The danger became all too real with the emergence of Stuxnet in recent weeks, dubbed the world's "first cyber superweapon" by experts, and which has wreaked havoc on computerised industrial equipment in Iran.

"Are we armed against similar operations? We can ask ourselves on the security of control systems for industries, energy distribution networks or transport," said Daniel Ventre, author of the book "Information Warfare."

"This operation aims to destroy key computer networks, it is not a more common action such as hacking, spying or the dissemination of false information," said Ventre, of the National Scientific Research Centre in Paris.

The virus targets control systems made by German industrial giant Siemens commonly used to manage water supplies, oil rigs, power plants and other industrial facilities.

Chinese media reported this week that Stuxnet had spread to China, infecting millions of computers around the country.

The source of the worm strike on Iran remains unknown, although suspicion has fallen on Israel and the United States, which fear that Tehran is using its nuclear programme to build an atomic bomb, a charge denied by Iran.

Axel Dyevre, a director at the European Company for Strategic Intelligence, said Stuxnet represented "an escalation towards the potential military or political use" of vulnerable computer systems.

The next major conflict could indeed be launched with a traditional bombing campaign in tandem with a cyber blitz, an electronic Pearl Harbor paralysing the enemy.

NATO, which was lightly hassled by Serbian hackers during the Kosovo war in 1999, has gradually stepped up efforts to protect its own networks since 2002.

The United States urged the alliance last month to build a cyber fortress around its vital military and economic infrastructures.

"NATO has a nuclear shield, it is building a stronger and stronger defence shield, it needs a cyber shield as well," US Deputy Defence Secretary William Lynn said in Brussels on September 15.

The US government kicked off an exercise dubbed "Cyber Storm III" on Tuesday to simulate a large-scale cyber attack on critical infrastructure, with the participation of 60 private companies and 12 international partners.
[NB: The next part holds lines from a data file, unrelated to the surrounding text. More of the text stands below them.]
lemma has_partial_deriv:
  "partially_differentiable f \<Longrightarrow>
    ((\<lambda>t. f (w(j := t))) has_field_derivative partial_deriv f j w) (at (w j))"
  unfolding partial_deriv_def partially_differentiable_def
  using DERIV_deriv_iff_real_differentiable by blast

lemma partial_deriv_mult:
  assumes "partially_differentiable f" "partially_differentiable g"
  shows "partial_deriv (\<lambda>w. f w * g w) j w = partial_deriv f j w * g w + f w * partial_deriv g j w"
proof -
  have "((\<lambda>t. f (w(j := t)) * g (w(j := t))) has_field_derivative
      partial_deriv f j w * g w + partial_deriv g j w * f w) (at (w j))"
    using DERIV_mult[OF has_partial_deriv[OF assms(1), of w j] has_partial_deriv[OF assms(2), of w j]]
    by simp
  then show ?thesis
    unfolding partial_deriv_def[of "\<lambda>w. f w * g w"] by (simp add: DERIV_imp_deriv)
qed

lemma partial_deriv_add:
  assumes "partially_differentiable f" "partially_differentiable g"
  shows "partial_deriv (\<lambda>w. f w + g w) j w = partial_deriv f j w + partial_deriv g j w"
proof -
  have "((\<lambda>t. f (w(j := t)) + g (w(j := t))) has_field_derivative
      partial_deriv f j w + partial_deriv g j w) (at (w j))"
    using DERIV_add[OF has_partial_deriv[OF assms(1), of w j] has_partial_deriv[OF assms(2), of w j]]
    by simp
  then show ?thesis
    unfolding partial_deriv_def[of "\<lambda>w. f w + g w"] by (simp add: DERIV_imp_deriv)
qed

lemma partial_deriv_const: "partial_deriv (\<lambda>w. c) j w = 0"
  unfolding partial_deriv_def by (simp add: DERIV_imp_deriv)

lemma partial_deriv_affine: "partial_deriv (\<lambda>w. w l - c) j w = (if l = j then 1 else 0)"
proof -
  have "((\<lambda>t. t - c) has_field_derivative 1) (at (w j))"
    by (auto intro!: derivative_eq_intros)
  then show ?thesis
    unfolding partial_deriv_def by (simp add: DERIV_imp_deriv)
qed

lemma partial_deriv_cmult:
  assumes "partially_differentiable f"
  shows "partial_deriv (\<lambda>w. c * f w) j w = c * partial_deriv f j w"
  using partial_deriv_mult[OF partially_differentiable_const assms] by (simp add: partial_deriv_const)

section \<open>Polynomial functions of bounded degree\<close>

definition multi_index_set :: "nat \<Rightarrow> nat \<Rightarrow> nat list set" where
  "multi_index_set d m = {\<alpha>. length \<alpha> = d \<and> sum_list \<alpha> \<le> m}"

lemma set_multi_indices: "set (multi_indices d m) = multi_index_set d m"
proof (induction d arbitrary: m)
  case 0
  then show ?case by (auto simp: multi_index_set_def)
next
  case (Suc d)
  show ?case
  proof (intro subset_antisym subsetI)
    fix \<alpha> assume "\<alpha> \<in> set (multi_indices (Suc d) m)"
    then obtain k \<beta> where "k \<le> m" "\<alpha> = k # \<beta>" "\<beta> \<in> multi_index_set d (m - k)"
      using Suc by auto
    then show "\<alpha> \<in> multi_index_set (Suc d) m" by (auto simp: multi_index_set_def)
  next
    fix \<alpha> assume "\<alpha> \<in> multi_index_set (Suc d) m"
    then obtain k \<beta> where "\<alpha> = k # \<beta>" "k \<le> m" "\<beta> \<in> multi_index_set d (m - k)"
      by (cases \<alpha>) (auto simp: multi_index_set_def)
    then show "\<alpha> \<in> set (multi_indices (Suc d) m)"
      using Suc by force
  qed
qed

lemma finite_multi_index_set: "finite (multi_index_set d m)"
  by (metis List.finite_set set_multi_indices)

lemma monomial_p_replicate_zero: "monomial_p (replicate d 0) w = 1"
  by (simp add: monomial_p_def)

lemma monomial_p_increment:
  assumes "l < length \<alpha>"
  shows "monomial_p (\<alpha>[l := \<alpha> ! l + 1]) w = w l * monomial_p \<alpha> w"
proof -
  have "w j ^ (\<alpha>[l := \<alpha> ! l + 1] ! j) = w j ^ (\<alpha> ! j) * (if j = l then w l else 1)" for j
    using assms by (auto simp: nth_list_update)
  then show ?thesis
    unfolding monomial_p_def using assms by (simp add: prod.distrib)
qed

definition poly_fun :: "nat \<Rightarrow> nat \<Rightarrow> ((nat \<Rightarrow> real) \<Rightarrow> real) \<Rightarrow> bool" where
  "poly_fun d m f \<longleftrightarrow>
    (\<exists>S a. S \<subseteq> multi_index_set d m \<and> f = (\<lambda>w. \<Sum>\<alpha>\<in>S. a \<alpha> * monomial_p \<alpha> w))"

lemma poly_fun_altdef:
  "poly_fun d m f \<longleftrightarrow> (\<exists>a. f = (\<lambda>w. \<Sum>\<alpha>\<in>multi_index_set d m. a \<alpha> * monomial_p \<alpha> w))"
proof
  assume "poly_fun d m f"
  then obtain S a where S: "S \<subseteq> multi_index_set d m"
    and f: "f = (\<lambda>w. \<Sum>\<alpha>\<in>S. a \<alpha> * monomial_p \<alpha> w)"
    unfolding poly_fun_def by blast
  have "f w = (\<Sum>\<alpha>\<in>multi_index_set d m. (if \<alpha> \<in> S then a \<alpha> else 0) * monomial_p \<alpha> w)" for w
  proof -
    have "f w = (\<Sum>\<alpha>\<in>multi_index_set d m \<inter> S. a \<alpha> * monomial_p \<alpha> w)"
      unfolding f using S by (simp add: Int_absorb1)
    also have "\<dots> = (\<Sum>\<alpha>\<in>multi_index_set d m. (if \<alpha> \<in> S then a \<alpha> * monomial_p \<alpha> w else 0))"
      by (rule sum.inter_restrict[OF finite_multi_index_set])
    finally show ?thesis
      by (simp add: if_distrib[of "\<lambda>x. x * _"] cong: if_cong)
  qed
  then have "f = (\<lambda>w. \<Sum>\<alpha>\<in>multi_index_set d m. (if \<alpha> \<in> S then a \<alpha> else 0) * monomial_p \<alpha> w)"
    by (rule ext)
  then show "\<exists>a. f = (\<lambda>w. \<Sum>\<alpha>\<in>multi_index_set d m. a \<alpha> * monomial_p \<alpha> w)"
    by (rule exI[where x = "\<lambda>\<alpha>. if \<alpha> \<in> S then a \<alpha> else 0"])
qed (auto simp: poly_fun_def)

lemma poly_fun_const: "poly_fun d m (\<lambda>w. c)"
  unfolding poly_fun_def
  by (intro exI[of _ "{replicate d 0}"] exI[of _ "\<lambda>_. c"])
    (simp add: multi_index_set_def monomial_p_replicate_zero sum_list_replicate)

lemma poly_fun_mono:
  assumes "poly_fun d m f" "m \<le> m'"
  shows "poly_fun d m' f"
proof -
  have "multi_index_set d m \<subseteq> multi_index_set d m'"
    using assms(2) by (auto simp: multi_index_set_def)
  with assms(1) show ?thesis
    unfolding poly_fun_def by blast
qed

lemma poly_fun_add:
  assumes "poly_fun d m f" "poly_fun d m g"
  shows "poly_fun d m (\<lambda>w. f w + g w)"
proof -
  obtain a b where "f = (\<lambda>w. \<Sum>\<alpha>\<in>multi_index_set d m. a \<alpha> * monomial_p \<alpha> w)"
    "g = (\<lambda>w. \<Sum>\<alpha>\<in>multi_index_set d m. b \<alpha> * monomial_p \<alpha> w)"
    using assms unfolding poly_fun_altdef by blast
  then show ?thesis
    unfolding poly_fun_altdef
    by (intro exI[of _ "\<lambda>\<alpha>. a \<alpha> + b \<alpha>"]) (simp add: distrib_right sum.distrib)
qed

lemma poly_fun_cmult:
  assumes "poly_fun d m f"
  shows "poly_fun d m (\<lambda>w. c * f w)"
proof -
  obtain a where "f = (\<lambda>w. \<Sum>\<alpha>\<in>multi_index_set d m. a \<alpha> * monomial_p \<alpha> w)"
    using assms unfolding poly_fun_altdef by blast
  then show ?thesis
    unfolding poly_fun_altdef
    by (intro exI[of _ "\<lambda>\<alpha>. c * a \<alpha>"]) (simp add: sum_distrib_left mult.assoc)
qed

lemma poly_fun_mult_coord:
  assumes f: "poly_fun d m f" and l: "l < d"
  shows "poly_fun d (Suc m) (\<lambda>w. w l * f w)"
proof -
  obtain a where f_eq: "f = (\<lambda>w. \<Sum>\<alpha>\<in>multi_index_set d m. a \<alpha> * monomial_p \<alpha> w)"
    using f unfolding poly_fun_altdef by blast
  define inc where "inc \<alpha> = \<alpha>[l := \<alpha> ! l + 1]" for \<alpha> :: "nat list"
  define dec where "dec \<alpha> = \<alpha>[l := \<alpha> ! l - 1]" for \<alpha> :: "nat list"
  have dec_inc: "dec (inc \<alpha>) = \<alpha>" if "\<alpha> \<in> multi_index_set d m" for \<alpha>
    using that l by (auto simp: inc_def dec_def multi_index_set_def)
  then have inj: "inj_on inc (multi_index_set d m)"
    by (rule inj_on_inverseI)
  have monomial_p_inc: "monomial_p (inc \<alpha>) w = w l * monomial_p \<alpha> w"
    if "\<alpha> \<in> multi_index_set d m" for \<alpha> w
    using that l monomial_p_increment[of l \<alpha> w] by (simp add: inc_def multi_index_set_def)
  have inc_mem: "inc ` multi_index_set d m \<subseteq> multi_index_set d (Suc m)"
    using l by (auto simp: inc_def multi_index_set_def sum_list_update)
  have "w l * f w = (\<Sum>\<beta>\<in>inc ` multi_index_set d m. a (dec \<beta>) * monomial_p \<beta> w)" for w
  proof -
    have "w l * f w = (\<Sum>\<alpha>\<in>multi_index_set d m. a \<alpha> * (w l * monomial_p \<alpha> w))"
      unfolding f_eq by (simp add: sum_distrib_left mult.left_commute)
    also have "\<dots> = (\<Sum>\<alpha>\<in>multi_index_set d m. a (dec (inc \<alpha>)) * monomial_p (inc \<alpha>) w)"
      by (intro sum.cong) (simp_all add: dec_inc monomial_p_inc)
    also have "\<dots> = (\<Sum>\<beta>\<in>inc ` multi_index_set d m. a (dec \<beta>) * monomial_p \<beta> w)"
      by (simp add: sum.reindex[OF inj])
    finally show ?thesis .
  qed
  then have "(\<lambda>w. w l * f w) = (\<lambda>w. \<Sum>\<beta>\<in>inc ` multi_index_set d m. a (dec \<beta>) * monomial_p \<beta> w)"
    by (rule ext)
  with inc_mem show ?thesis
    unfolding poly_fun_def by (intro exI[of _ "inc ` multi_index_set d m"] exI[of _ "a \<circ> dec"]) simp
qed

lemma poly_fun_mult_affine:
  assumes "poly_fun d m f" "l < d"
  shows "poly_fun d (Suc m) (\<lambda>w. (w l - c) * f w)"
proof -
  have "poly_fun d (Suc m) (\<lambda>w. w l * f w + (- c) * f w)"
    using assms by (intro poly_fun_add poly_fun_mult_coord poly_fun_cmult poly_fun_mono[OF assms(1)]) simp_all
  then show ?thesis
    by (simp add: algebra_simps)
qed

lemma poly_fun_prod_squared_affine:
  assumes "finite K" "\<And>k. k \<in> K \<Longrightarrow> l k < d"
  shows "poly_fun d (2 * card K) (\<lambda>w. \<Prod>k\<in>K. (w (l k) - c k) * (w (l k) - c k))"
  using assms
proof (induction K rule: finite_induct)
  case empty
  then show ?case by (simp add: poly_fun_const)
next
  case (insert x K)
  then have "poly_fun d (Suc (Suc (2 * card K)))
      (\<lambda>w. (w (l x) - c x) * ((w (l x) - c x) * (\<Prod>k\<in>K. (w (l k) - c k) * (w (l k) - c k))))"
    by (intro poly_fun_mult_affine) auto
  moreover have "2 * card (insert x K) = Suc (Suc (2 * card K))"
    using insert(1,2) by simp
  ultimately show ?case
    by (simp only: prod.insert[OF insert(1,2)] mult.assoc)
qed

lemma poly_fun_partially_differentiable: "poly_fun d m f \<Longrightarrow> partially_differentiable f"
  unfolding poly_fun_def
  by (auto intro!: partially_differentiable_sum partially_differentiable_mult
      partially_differentiable_const partially_differentiable_monomial
      intro: finite_subset[OF _ finite_multi_index_set])

section \<open>Unit vectors in a span\<close>

context vec_space
begin

lemma rank_eq_dim_if_unit_vecs_in_col_span:
  assumes A: "A \<in> carrier_mat n nc"
    and units: "\<And>r. r < n \<Longrightarrow> unit_vec n r \<in> span (set (cols A))"
  shows "rank A = n"
proof -
  have W: "set (cols A) \<subseteq> carrier_vec n"
    using A cols_dim by blast
  have "carrier_vec n = span (set (unit_vecs n))"
    by (rule span_unit_vecs_is_carrier[symmetric])
  also have "\<dots> \<subseteq> span (set (cols A))"
    using units by (intro span_subsetI[OF W]) (auto simp: unit_vecs_def)
  finally have "span (set (cols A)) = carrier_vec n"
    using span_is_subset2[OF W] by blast
  then have "rank A = vectorspace.dim class_ring (V\<lparr>carrier := carrier_vec n\<rparr>)"
    unfolding rank_def by simp
  also have "V\<lparr>carrier := carrier_vec n\<rparr> = V"
    by (simp add: module_vec_def)
  finally show ?thesis
    using dim_is_n by simp
qed

lemma supported_vec_in_span:
  assumes W: "W \<subseteq> carrier_vec n" and R: "finite R" "R \<subseteq> {..<n}"
    and units: "\<And>r. r \<in> R \<Longrightarrow> unit_vec n r \<in> span W"
  shows "vec n (\<lambda>k. if k \<in> R then f k else 0) \<in> span W"
  using R units
proof (induction R rule: finite_induct)
  case empty
  then show ?case
    using sumlist_in_span[OF W, of "[]"] by (simp add: zero_vec_def)
next
  case (insert x R)
  have "f x \<cdot>\<^sub>v unit_vec n x + vec n (\<lambda>k. if k \<in> R then f k else 0) \<in> span W"
    using insert by (intro span_add1[OF W] smult_in_span[OF W]) auto
  moreover have "f x \<cdot>\<^sub>v unit_vec n x + vec n (\<lambda>k. if k \<in> R then f k else 0)
      = vec n (\<lambda>k. if k \<in> insert x R then f k else 0)"
    using insert by (intro eq_vecI) auto
  ultimately show ?case
    by simp
qed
Stephan De Spiegeleire, a defence expert at the Hague Centre for Strategic Studies, said it was critical for civilians to prepare for the prospect of a computer invasion as well.

"It wouldn't be like the exodus of May 1940, when millions of French and Belgian citizens fled their towns on the road during World War II. This time populations would suddenly be left without electricity, hot water, heating and television," he said.

Aware of the growing danger, the European Union's executive arm proposed new regulations on Thursday to boost the 27-nation bloc's computer defences by improving cooperation against cyber threats.

Several EU states were the target of a botnet, a network of computers infected by malicious software, called 'Conficker' in early 2009, which affected the computers of armed forces in France, Germany and Britain.

A cyber attack against Estonia in 2007 cost the Baltic States between 19 million and 28 million euros.